Just like building muscle, the health of your fitness business requires that you do those one-percenters that make the difference between growing your business or maintaining the status quo. Whether you’ve been in business for a while or are just starting out, chances are, you are probably offering some kind of discount or concession to certain sections of your membership base. This is perfectly normal and in many cases, essential to increasing your membership numbers. However, over time, these discounts are costing you more money than you probably counted on if they’re not regularly reviewed and adjusted. Here are a few ways your business is losing money:
1. You are not tracking the level of discounting or concessions within your business!
This type of review provides you with insights into the level of discount you are offering throughout your gym, box or PT Studio. For instance, you should be able to break down your total concession and discount amount by month and by type (for example student discounts or veteran discounts). Over time, these figures can change depending on the level of competition in your area or changes in your membership demographics. Tracking these trends allows you to make minor adjustments to your discounts that can have large impacts on your bottom line. Reviewing this part of your business becomes more important as you reach capacity. At some stage, your fitness center’s revenue growth will flatten out as you can not add more members. This type of analysis helps you determine those memberships that should no longer be offered or whether customers on a previous deal, are still eligible to receive that level of discount. For example let’s say you have the following scenario:
- You are now at 95% of capacity for your gym
- You have noticed over the past two years the value of your Student discounts have gone from $1,000 per month (20 student members x $50p/m discount) to $3,500 per month (70 student member x $50p/m)
- Essentially Student Memberships now mean you maximum revenue is reduced by $42,000 pa.
- At this level of capacity and discounting, you could do choose to do any of the following three things
- Leave things as they are for now due to competitive pressures (there are a lot of gyms in your catchment area),
- Reduce the level of discount for new students signing up (thus increasing their price) and assess the impact on your membership sign-up rates
- Reduce the discount available on renewals for students. This is the most impactful, but may also result in some churn. For instance, reducing the discount by $25 means that over the course of the year, your would have an extra $21,000 to reinvest into your products and services.
2. You are not scheduling membership price reviews!
You should be reviewing your membership types and prices at least yearly. But what specifically are you looking for? Basically, where there is a higher demand for one type of membership or service, increase the price for new members signing up to them. It is one of the simplest ways to grow your business, price the most sought-after parts of your business at a premium.

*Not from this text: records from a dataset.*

(* There is a function $g$ such that for all integers $\ell\ge 3$ and $t,k\ge 1$, every $\mathcal{O}_k$-free graph $G$ with no $K_{t,t}$ subgraph contains a set $X$ of at most $g(\ell,t,k)$ vertices such that $G-X$ has girth at least $\ell$.
   Context: All graphs are finite and simple. Two vertex-disjoint subgraphs are independent if there is no edge between them. A graph $G$ is $\mathcal{O}_k$-free if it does not contain $k$ pairwise vertex-disjoint and pairwise independent cycles; equivalently, $G$ has no induced subgraph isomorphic to a disjoint union of $k$ cycles. The girth of a graph is the minimum length of a cycle in it (infinite if the graph is acyclic). *)

theory Defs
  imports Main "HOL-Library.Extended_Nat"
begin

definition simple_graph :: "nat set \<Rightarrow> (nat \<Rightarrow> nat \<Rightarrow> bool) \<Rightarrow> bool" where
  "simple_graph V E \<longleftrightarrow> finite V \<and> (\<forall>u v. E u v \<longrightarrow> u \<in> V \<and> v \<in> V)
     \<and> (\<forall>u v. E u v \<longrightarrow> E v u) \<and> (\<forall>u. \<not> E u u)"

definition is_cycle :: "nat set \<Rightarrow> (nat \<Rightarrow> nat \<Rightarrow> bool) \<Rightarrow> nat list \<Rightarrow> bool" where
  "is_cycle V E c \<longleftrightarrow> length c \<ge> 3 \<and> distinct c \<and> set c \<subseteq> V
     \<and> (\<forall>i < length c. E (c ! i) (c ! ((i + 1) mod length c)))"

definition independent_sets :: "(nat \<Rightarrow> nat \<Rightarrow> bool) \<Rightarrow> nat set \<Rightarrow> nat set \<Rightarrow> bool" where
  "independent_sets E A B \<longleftrightarrow> A \<inter> B = {} \<and> (\<forall>u\<in>A. \<forall>v\<in>B. \<not> E u v)"

definition Ok_free :: "nat \<Rightarrow> nat set \<Rightarrow> (nat \<Rightarrow> nat \<Rightarrow> bool) \<Rightarrow> bool" where
  "Ok_free k V E \<longleftrightarrow> \<not> (\<exists>cs :: nat list list. length cs = k
       \<and> (\<forall>i < k. is_cycle V E (cs ! i))
       \<and> (\<forall>i < k. \<forall>j < k. i \<noteq> j \<longrightarrow> independent_sets E (set (cs ! i)) (set (cs ! j))))"

definition has_Ktt :: "nat \<Rightarrow> nat set \<Rightarrow> (nat \<Rightarrow> nat \<Rightarrow> bool) \<Rightarrow> bool" where
  "has_Ktt t V E \<longleftrightarrow> (\<exists>A B. A \<subseteq> V \<and> B \<subseteq> V \<and> A \<inter> B = {} \<and> card A = t \<and> card B = t
       \<and> (\<forall>a\<in>A. \<forall>b\<in>B. E a b))"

As well as improving the profitability of your fitness center or studio, it will also allow you to re-invest into these services so your members can continue receiving an excellent product.

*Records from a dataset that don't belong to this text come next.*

lemma TM_f_power:
  assumes "inj_on a {..<L}" and "i < L"
  shows "(TM_f a L ^^ j) (a i) = a ((i + j) mod L)"
proof (induction j)
  case 0
  then show ?case using assms(2) by simp
next
  case (Suc j)
  have i: "(i + j) mod L < L"
    using assms(2) by simp
  then have "(THE i'. i' < L \<and> a ((i + j) mod L) = a i') = (i + j) mod L"
    using assms(1) by (intro the_equality) (auto simp: inj_on_def)
  then have "TM_f a L (a ((i + j) mod L)) = a (Suc ((i + j) mod L) mod L)"
    using i by (auto simp: TM_f_def)
  then show ?case
    using Suc by (simp add: mod_Suc_eq)
qed

lemma nth_concat_map_map:
  assumes "length xs = n" and "i < length ys" and "r < n"
  shows "concat (map (\<lambda>y. map (g y) xs) ys) ! (i * n + r) = g (ys ! i) (xs ! r)"
  using assms(2)
proof (induction ys arbitrary: i)
  case Nil
  then show ?case by simp
next
  case (Cons y ys)
  then show ?case
    using assms by (cases i) (auto simp: nth_append add.assoc)
qed

lemma length_TM_word: "1 \<le> k \<Longrightarrow> length (TM_word a L k \<kappa> n) = k ^ n"
proof (induction n)
  case (Suc n)
  then have "length (TM_word a L k \<kappa> (Suc n)) = k ^ n + (k - 1) * k ^ n"
    by (simp add: length_concat o_def sum_list_triv)
  also have "\<dots> = k ^ Suc n"
    using Suc.prems by (simp add: algebra_simps)
  finally show ?case .
qed simp

lemma nth_TM_word:
  assumes "inj_on a {..<L}" and "1 \<le> L" and "2 \<le> k" and "m < k ^ n"
  shows "TM_word a L k \<kappa> n ! m = a (digit_sum k (tm_weight \<kappa>) 0 m mod L)"
  using assms(4)
proof (induction n arbitrary: m)
  case 0
  then show ?case by simp
next
  case (Suc n)
  let ?W = "TM_word a L k \<kappa> n" and ?S = "digit_sum k (tm_weight \<kappa>)"
  have len: "length ?W = k ^ n"
    using assms(3) by (simp add: length_TM_word)
  show ?case
  proof (cases "m < k ^ n")
    case True
    then show ?thesis using Suc.IH len by (simp add: nth_append)
  next
    case False
    define q r where "q = m div k ^ n" and "r = m mod k ^ n"
    have kn: "0 < k ^ n" using assms(3) by simp
    have q: "1 \<le> q" "q < k"
      using False Suc.prems kn unfolding q_def
      by (simp_all add: Suc_le_eq div_greater_zero_iff less_mult_imp_div_less mult.commute)
    have r: "r < k ^ n"
      using kn by (simp add: r_def)
    have m: "m = r + q * k ^ n"
      by (simp add: q_def r_def mod_div_mult_eq)
    have "TM_word a L k \<kappa> (Suc n) ! m
        = concat (map (\<lambda>s. map (TM_f a L ^^ \<kappa> s n) ?W) [1..<k]) ! ((q - 1) * k ^ n + r)"
      using False len m q by (simp add: nth_append algebra_simps)
    also have "\<dots> = (TM_f a L ^^ \<kappa> q n) (?W ! r)"
      using nth_concat_map_map [OF len, of "q - 1" "[1..<k]" r "\<lambda>s. TM_f a L ^^ \<kappa> s n"] q r
      by simp
    also have "\<dots> = a ((?S 0 r mod L + \<kappa> q n) mod L)"
      using Suc.IH [OF r] TM_f_power [OF assms(1)] assms(2) by simp
    also have "\<dots> = a (?S 0 m mod L)"
      using digit_sum_split [of k "tm_weight \<kappa>"] digit_sum_digit [of k "tm_weight \<kappa>"]
        assms(3) m q r
      by (simp add: tm_weight_def mod_add_left_eq)
    finally show ?thesis .
  qed
qed

lemma TM_seq_eq_iff_cong:
  assumes "inj_on a {..<L}" and "1 \<le> L" and "2 \<le> k"
  shows "TM_seq a L k \<kappa> m = TM_seq a L k \<kappa> m' \<longleftrightarrow>
    [digit_sum k (\<lambda>s j. int (tm_weight \<kappa> s j)) 0 m =
     digit_sum k (\<lambda>s j. int (tm_weight \<kappa> s j)) 0 m'] (mod int L)"
proof -
  have "TM_seq a L k \<kappa> n = a (digit_sum k (tm_weight \<kappa>) 0 n mod L)" for n
    using nth_TM_word [OF assms self_less_power [OF assms(3)]] by (simp add: TM_seq_def)
  moreover have "a (x mod L) = a (y mod L) \<longleftrightarrow> x mod L = y mod L" for x y
    using assms(1,2) by (auto simp: inj_on_def)
  ultimately show ?thesis
    by (simp add: cong_int_iff flip: of_nat_digit_sum) (simp add: cong_def)
qed

definition linear_weights_from ::
  "nat \<Rightarrow> nat \<Rightarrow> (nat \<Rightarrow> nat \<Rightarrow> int) \<Rightarrow> nat \<Rightarrow> bool" where
  "linear_weights_from k L w A \<longleftrightarrow>
     (\<forall>j\<ge>A. (\<forall>s\<in>{1..k-1}. [w s j = int s * w 1 j] (mod int L)) \<and>
       [w 1 (Suc j) = int k * w 1 j] (mod int L))"

lemma cong_add_of_periodic_increments:
  fixes f :: "nat \<Rightarrow> int"
  assumes "f 0 = 0" and "\<And>v. [f (Suc v + l) - f (v + l) = f (Suc v) - f v] (mod m)"
  shows "[f (v + l) = f v + f l] (mod m)"
proof (induction v)
  case (Suc v)
  from cong_add [OF Suc.IH assms(2) [of v]] show ?case
    by (simp add: add.commute)
qed (simp add: assms(1))

lemma cong_linear_of_const_increments:
  fixes f :: "nat \<Rightarrow> int"
  assumes "f 0 = 0" and "\<And>x. [f (Suc x) = f x + c] (mod m)"
  shows "[f x = int x * c] (mod m)"
proof (induction x)
  case (Suc x)
  from cong_trans [OF assms(2) cong_add [OF Suc.IH cong_refl]] show ?case
    by (simp add: algebra_simps)
qed (simp add: assms(1))

lemma exists_shift_to_residue:
  fixes l x c :: nat
  assumes "0 < l"
  shows "\<exists>d<l. (x + d) mod l = c mod l"
proof (intro exI conjI)
  \<comment> \<open>\<open>-x \<equiv> x (l - 1) (mod l)\<close>\<close>
  show "(c + x * (l - 1)) mod l < l"
    using assms by simp
  have "x + (c + x * (l - 1)) = c + x * l"
    using assms by (simp add: algebra_simps mult_eq_if)
  then show "(x + (c + x * (l - 1)) mod l) mod l = c mod l"
    by (metis mod_add_right_eq mod_mult_self1)
qed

Remember, to do this you need to be tracking this information in the first place. Are you tracking it?
3. You are not correctly tracking non-financial members!
We’ve touched on managing arrears here before. One of the key areas of loss we find in fitness businesses is the number of write-offs they incur but do not record. For example, Tom has a 12-month membership paid monthly. For whatever reason, he misses a payment on the 5th month of his membership but resumes paying next month. On the 12 month, he does not renew. The 5th month of payment was not received. Now, in isolation, this is not a big deal. However, most gyms we speak to do not track how many of these types of missed payments occur across their membership base. Yes, there are many reasons why it is reasonable to skip payments but you should be using your gym software to track the value of these missed payments so you can make informed policy decisions that continue growing your business.

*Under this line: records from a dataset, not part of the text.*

lemma d_seq_le:
  assumes "S \<in> pc_seqs n T" "S' \<in> pc_seqs n T" "n > 0" "T > 0"
    and "\<forall>t\<in>{1..T}. \<forall>a\<in>S t. \<exists>b\<in>S' t. dist a b \<le> r"
    and "\<forall>t\<in>{1..T}. \<forall>b\<in>S' t. \<exists>a\<in>S t. dist b a \<le> r"
  shows "d_seq T S S' \<le> r"
  unfolding d_seq_def
proof (rule Max.boundedI)
  show "(\<lambda>t. hausdorff_dist (S t) (S' t)) ` {1..T} \<noteq> {}" using \<open>T > 0\<close> by simp
  fix d assume "d \<in> (\<lambda>t. hausdorff_dist (S t) (S' t)) ` {1..T}"
  then obtain t where t: "t \<in> {1..T}" "d = hausdorff_dist (S t) (S' t)" by blast
  have "hausdorff_dist (S t) (S' t) \<le> r"
    using pc_seqs_frame[OF assms(1,3) t(1)] pc_seqs_frame[OF assms(2,3) t(1)] assms(5,6) t(1)
    by (intro hausdorff_dist_le) blast+
  then show "d \<le> r" using t(2) by simp
qed simp

lemma unit_cube_finite_net:
  assumes "h > 0"
  obtains G :: "(real ^ 'm) set"
  where "finite G" "G \<noteq> {}" "\<forall>x\<in>unit_cube. \<exists>c\<in>G. dist x c \<le> h"
proof -
  have cube: "unit_cube = cbox 0 (1 :: real ^ 'm)"
    by (auto simp: unit_cube_def mem_box_cart)
  have "compact (unit_cube :: (real ^ 'm) set)" unfolding cube by (rule compact_cbox)
  then obtain G :: "(real ^ 'm) set" where G: "finite G" "unit_cube \<subseteq> (\<Union>c\<in>G. ball c h)"
    using assms unfolding compact_eq_totally_bounded by blast
  have net: "\<forall>x\<in>unit_cube. \<exists>c\<in>G. dist x c \<le> h"
  proof
    fix x :: "real ^ 'm" assume "x \<in> unit_cube"
    then obtain c where "c \<in> G" "dist c x < h" using G(2) by (auto simp only: mem_ball)
    then show "\<exists>c\<in>G. dist x c \<le> h" by (metis dist_commute less_imp_le)
  qed
  have "(0 :: real ^ 'm) \<in> unit_cube" by (simp add: unit_cube_def)
  then have "G \<noteq> {}" using G(2) by blast
  then show ?thesis using that G(1) net by blast
qed

lemma MAX_feat_values_finite:
  fixes \<zeta> :: "real ^ 'm \<Rightarrow> nat \<Rightarrow> nat \<Rightarrow> real" and T k :: nat
  assumes "\<forall>t\<in>{1..T}. finite (S t)"
  shows "finite {\<zeta> x t k | x t. t \<in> {1..T} \<and> x \<in> S t}"
proof -
  have "{\<zeta> x t k | x t. t \<in> {1..T} \<and> x \<in> S t} = (\<Union>t\<in>{1..T}. (\<lambda>x. \<zeta> x t k) ` S t)"
    by blast
  then show ?thesis using assms by simp
qed

lemma MAX_feat_ge:
  assumes "\<forall>t\<in>{1..T}. finite (S t)" "k < K" "t \<in> {1..T}" "x \<in> S t"
  shows "\<zeta> x t k \<le> MAX_feat K T \<zeta> S k"
proof -
  have "\<zeta> x t k \<in> {\<zeta> x t k | x t. t \<in> {1..T} \<and> x \<in> S t}" using assms(3,4) by blast
  then have "\<zeta> x t k \<le> Max {\<zeta> x t k | x t. t \<in> {1..T} \<and> x \<in> S t}"
    by (rule Max_ge[OF MAX_feat_values_finite[OF assms(1)]])
  then show ?thesis using \<open>k < K\<close> by (simp add: MAX_feat_def)
qed

lemma MAX_feat_attained:
  assumes "\<forall>t\<in>{1..T}. finite (S t)" "\<exists>t\<in>{1..T}. S t \<noteq> {}" "k < K"
  shows "\<exists>t\<in>{1..T}. \<exists>x\<in>S t. MAX_feat K T \<zeta> S k = \<zeta> x t k"
proof -
  define M where "M = {\<zeta> x t k | x t. t \<in> {1..T} \<and> x \<in> S t}"
  have "finite M" unfolding M_def by (rule MAX_feat_values_finite[OF assms(1)])
  moreover have "M \<noteq> {}" using assms(2) unfolding M_def by blast
  ultimately have "Max M \<in> M" by (rule Max_in)
  then obtain t x where "t \<in> {1..T}" "x \<in> S t" "Max M = \<zeta> x t k" unfolding M_def by blast
  moreover have "MAX_feat K T \<zeta> S k = Max M" using \<open>k < K\<close> by (simp add: MAX_feat_def M_def)
  ultimately show ?thesis by metis
qed

section \<open>Grid features\<close>

text \<open>\<open>e\<close> enumerates the pairs \<open>(c, t)\<close> of a net point and a frame.\<close>
definition grid_feature :: "(nat \<Rightarrow> (real ^ 'm) \<times> nat) \<Rightarrow> real ^ 'm \<Rightarrow> nat \<Rightarrow> nat \<Rightarrow> real" where
  "grid_feature e x t k = (if snd (e k) = t then - min (dist x (fst (e k))) 1 else - 1)"

lemma continuous_on_grid_feature: "continuous_on U (\<lambda>x. grid_feature e x t)"
proof (intro continuous_on_coordinatewise_then_product)
  fix k
  show "continuous_on U (\<lambda>x. grid_feature e x t k)"
    unfolding grid_feature_def by (cases "snd (e k) = t") (auto intro!: continuous_intros)
qed

lemma MAX_grid_feature_in_cube:
  assumes "\<forall>t\<in>{1..T}. finite (S t)" "\<exists>t\<in>{1..T}. S t \<noteq> {}"
  shows "MAX_feat K T (grid_feature e) S \<in> (\<Pi>\<^sub>E k\<in>UNIV. if k < K then {-1..0} else {0})"
proof -
  have "MAX_feat K T (grid_feature e) S k \<in> {-1..0}" if "k < K" for k
    using MAX_feat_attained[OF assms that, of "grid_feature e"]
    by (auto simp: grid_feature_def)
  then show ?thesis by (auto simp: MAX_feat_def)
qed

lemma compact_feature_cube: "compact (\<Pi>\<^sub>E k\<in>UNIV. if k < K then {-1..0} else {0::real})"
proof -
  have "compactin (product_topology (\<lambda>_. euclidean) UNIV)
          (\<Pi>\<^sub>E k\<in>UNIV. if k < K then {-1..0} else {0::real})"
    by (simp add: compactin_PiE)
  then show ?thesis by (simp add: euclidean_product_topology)
qed

lemma net_point_near_if_grid_feature_close:
  assumes "\<forall>t\<in>{1..T}. finite (S t)" "\<forall>t\<in>{1..T}. finite (S' t)" "\<exists>t\<in>{1..T}. S' t \<noteq> {}"
    and "k < K" "e k = (c, t)" "t \<in> {1..T}" "x \<in> S t" "dist x c \<le> r" "r + h < 1"
    and close: "\<bar>MAX_feat K T (grid_feature e) S k - MAX_feat K T (grid_feature e) S' k\<bar> \<le> h"
  shows "\<exists>y\<in>S' t. dist y c \<le> r + h"
proof -
  have "- r \<le> MAX_feat K T (grid_feature e) S k"
    using MAX_feat_ge[OF assms(1,4,6,7), of "grid_feature e"] assms(5,8)
    by (auto simp: grid_feature_def)
  then have ge: "- r - h \<le> MAX_feat K T (grid_feature e) S' k" using close by linarith
  obtain t' y where "t' \<in> {1..T}" "y \<in> S' t'" and y: "MAX_feat K T (grid_feature e) S' k = grid_feature e y t' k"
    using MAX_feat_attained[OF assms(2,3,4)] by blast
  moreover have "t' = t" using ge y \<open>r + h < 1\<close> assms(5) by (auto simp: grid_feature_def split: if_splits)
  moreover have "dist y c \<le> r + h" using ge y \<open>r + h < 1\<close> assms(5) \<open>t' = t\<close>
    by (auto simp: grid_feature_def min_def split: if_splits)
  ultimately show ?thesis by blast
qed

lemma frame_near_if_grid_features_close:
  assumes net: "\<forall>x\<in>unit_cube. \<exists>c\<in>G. dist x c \<le> h"
    and enum: "G \<times> {1..T} \<subseteq> e ` {..<K}"
    and "A \<in> pc_seqs n T" "B \<in> pc_seqs n T" "n > 0" "t \<in> {1..T}" "h + h < 1"
    and close: "\<forall>k<K. \<bar>MAX_feat K T (grid_feature e) A k - MAX_feat K T (grid_feature e) B k\<bar> \<le> h"
  shows "\<forall>a\<in>A t. \<exists>b\<in>B t. dist a b \<le> h + (h + h)"
proof (rule near_via_net[OF _ net])
  show "A t \<subseteq> unit_cube" using pc_seqs_frame(3)[OF assms(3,5,6)] .
  have "T > 0" using \<open>t \<in> {1..T}\<close> by simp
  note frames_A = pc_seqs_frames_finite_nonempty[OF assms(3,5) \<open>T > 0\<close>]
  note frames_B = pc_seqs_frames_finite_nonempty[OF assms(4,5) \<open>T > 0\<close>]
  show "\<forall>c\<in>G. (\<exists>x\<in>A t. dist x c \<le> h) \<longrightarrow> (\<exists>y\<in>B t. dist y c \<le> h + h)"
  proof (intro ballI impI)
    fix c assume "c \<in> G" and "\<exists>x\<in>A t. dist x c \<le> h"
    then obtain x where "x \<in> A t" "dist x c \<le> h" by blast
    have "(c, t) \<in> e ` {..<K}" using enum \<open>c \<in> G\<close> \<open>t \<in> {1..T}\<close> by blast
    then obtain k where "k < K" "e k = (c, t)" by (metis imageE lessThan_iff)
    show "\<exists>y\<in>B t. dist y c \<le> h + h"
      by (rule net_point_near_if_grid_feature_close[OF frames_A(1) frames_B \<open>k < K\<close> \<open>e k = (c, t)\<close>
            \<open>t \<in> {1..T}\<close> \<open>x \<in> A t\<close> \<open>dist x c \<le> h\<close> \<open>h + h < 1\<close> close[rule_format, OF \<open>k < K\<close>]])
  qed
qed

lemma d_seq_le_if_grid_features_close:
  assumes "\<forall>x\<in>unit_cube. \<exists>c\<in>G. dist x c \<le> h" "G \<times> {1..T} \<subseteq> e ` {..<K}"
    and "S \<in> pc_seqs n T" "S' \<in> pc_seqs n T" "n > 0" "T > 0" "h + h < 1"
    and close: "\<forall>k<K. \<bar>MAX_feat K T (grid_feature e) S k - MAX_feat K T (grid_feature e) S' k\<bar> \<le> h"
  shows "d_seq T S S' \<le> h + (h + h)"
proof (rule d_seq_le[OF assms(3-6)])
  have close': "\<forall>k<K. \<bar>MAX_feat K T (grid_feature e) S' k - MAX_feat K T (grid_feature e) S k\<bar> \<le> h"
    using close by (simp add: abs_minus_commute)
  show "\<forall>t\<in>{1..T}. \<forall>a\<in>S t. \<exists>b\<in>S' t. dist a b \<le> h + (h + h)"
    using frame_near_if_grid_features_close[OF assms(1,2,3,4,5) _ assms(7) close] by blast
  show "\<forall>t\<in>{1..T}. \<forall>b\<in>S' t. \<exists>a\<in>S t. dist b a \<le> h + (h + h)"
    using frame_near_if_grid_features_close[OF assms(1,2,4,3,5) _ assms(7) close'] by blast
qed

lemma grid_feature_encoding:
  assumes "n > 0" "T > 0" "r > 0"
  obtains K \<eta> and e :: "nat \<Rightarrow> (real ^ 'm) \<times> nat" where "K > 0" "\<eta> > 0"
    "MAX_feat K T (grid_feature e) ` pc_seqs n T \<subseteq> (\<Pi>\<^sub>E k\<in>UNIV. if k < K then {-1..0} else {0})"
    "\<And>S S'. S \<in> pc_seqs n T \<Longrightarrow> S' \<in> pc_seqs n T \<Longrightarrow>
      dist (MAX_feat K T (grid_feature e) S) (MAX_feat K T (grid_feature e) S') < \<eta> \<Longrightarrow> d_seq T S S' < r"
proof -
  define h where "h = min (r / 4) (1 / 4)"
  have "h > 0" "h + (h + h) < r" "h + h < 1" using \<open>r > 0\<close> by (auto simp: h_def)
  obtain G :: "(real ^ 'm) set" where "finite G" "G \<noteq> {}" and net: "\<forall>x\<in>unit_cube. \<exists>c\<in>G. dist x c \<le> h"
    using unit_cube_finite_net[OF \<open>h > 0\<close>] by blast
  define K where "K = card (G \<times> {1..T})"
  have "K > 0" using \<open>finite G\<close> \<open>G \<noteq> {}\<close> \<open>T > 0\<close> by (simp add: K_def card_gt_0_iff)
  obtain e where "bij_betw e {0..<K} (G \<times> {1..T})"
    using ex_bij_betw_nat_finite[of "G \<times> {1..T}"] \<open>finite G\<close> unfolding K_def by blast
  then have enum: "G \<times> {1..T} \<subseteq> e ` {..<K}" by (simp add: bij_betw_def atLeast0LessThan)
  obtain \<eta> where "\<eta> > 0"
    and coords: "\<And>v w :: nat \<Rightarrow> real. \<And>k. dist v w < \<eta> \<Longrightarrow> k \<in> {..<K} \<Longrightarrow> dist (v k) (w k) < h"
    by (rule dist_fun_small_imp_coordinates_small[of "{..<K}" h]) (use \<open>h > 0\<close> \<open>h + h < 1\<close> in auto)
  have encode: "d_seq T S S' < r"
    if "S \<in> pc_seqs n T" "S' \<in> pc_seqs n T"
      and "dist (MAX_feat K T (grid_feature e) S) (MAX_feat K T (grid_feature e) S') < \<eta>" for S S'
  proof -
    have "d_seq T S S' \<le> h + (h + h)"
      using coords[OF that(3)] unfolding dist_real_def
      by (intro d_seq_le_if_grid_features_close[OF net enum that(1,2) \<open>n > 0\<close> \<open>T > 0\<close> \<open>h + h < 1\<close>])
        (simp add: less_imp_le)
    then show ?thesis using \<open>h + (h + h) < r\<close> by linarith
  qed
  have range: "MAX_feat K T (grid_feature e) ` pc_seqs n T
      \<subseteq> (\<Pi>\<^sub>E k\<in>UNIV. if k < K then {-1..0} else {0})"
  proof (rule image_subsetI)
    fix S :: "nat \<Rightarrow> (real ^ 'm) set" assume "S \<in> pc_seqs n T"
    from pc_seqs_frames_finite_nonempty[OF this \<open>n > 0\<close> \<open>T > 0\<close>]
    show "MAX_feat K T (grid_feature e) S \<in> (\<Pi>\<^sub>E k\<in>UNIV. if k < K then {-1..0} else {0})"
      by (rule MAX_grid_feature_in_cube)
  qed
  show ?thesis by (rule that[OF \<open>K > 0\<close> \<open>\<eta> > 0\<close> range encode])
qed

Start by recording and then test your responses to the data
If you aren’t tracking it… how are you going to know if it is an issue? The kinds of reviews discussed above are not daily or even weekly. They should be reviewed every 6-12 months and will help identify areas of low hanging fruit to address to continue the growth of your business. Where the data points to an area that is losing you money, change your process and note the change in your businesses financial performance. For example:
- If you are seeing more and more students signing up for your business, you could reduce the level of discount you offer this membership type and see how it affects signups,
- Look through your membership types and identify the most in-demand services, either increase the price or add a slightly more premium membership that offers some extras and try and upsell your members to this membership, or
- If your member misses a payment, double up their next payment or add it to the end of their membership.
These are a few ideas to help improve the profitability and, therefore, sustainability of your fitness business. One of the prerequisites of this advice is that you have an excellent product that delivers value to your clients. What is the low hanging fruit in your business? How have you improved the financial health of your gym?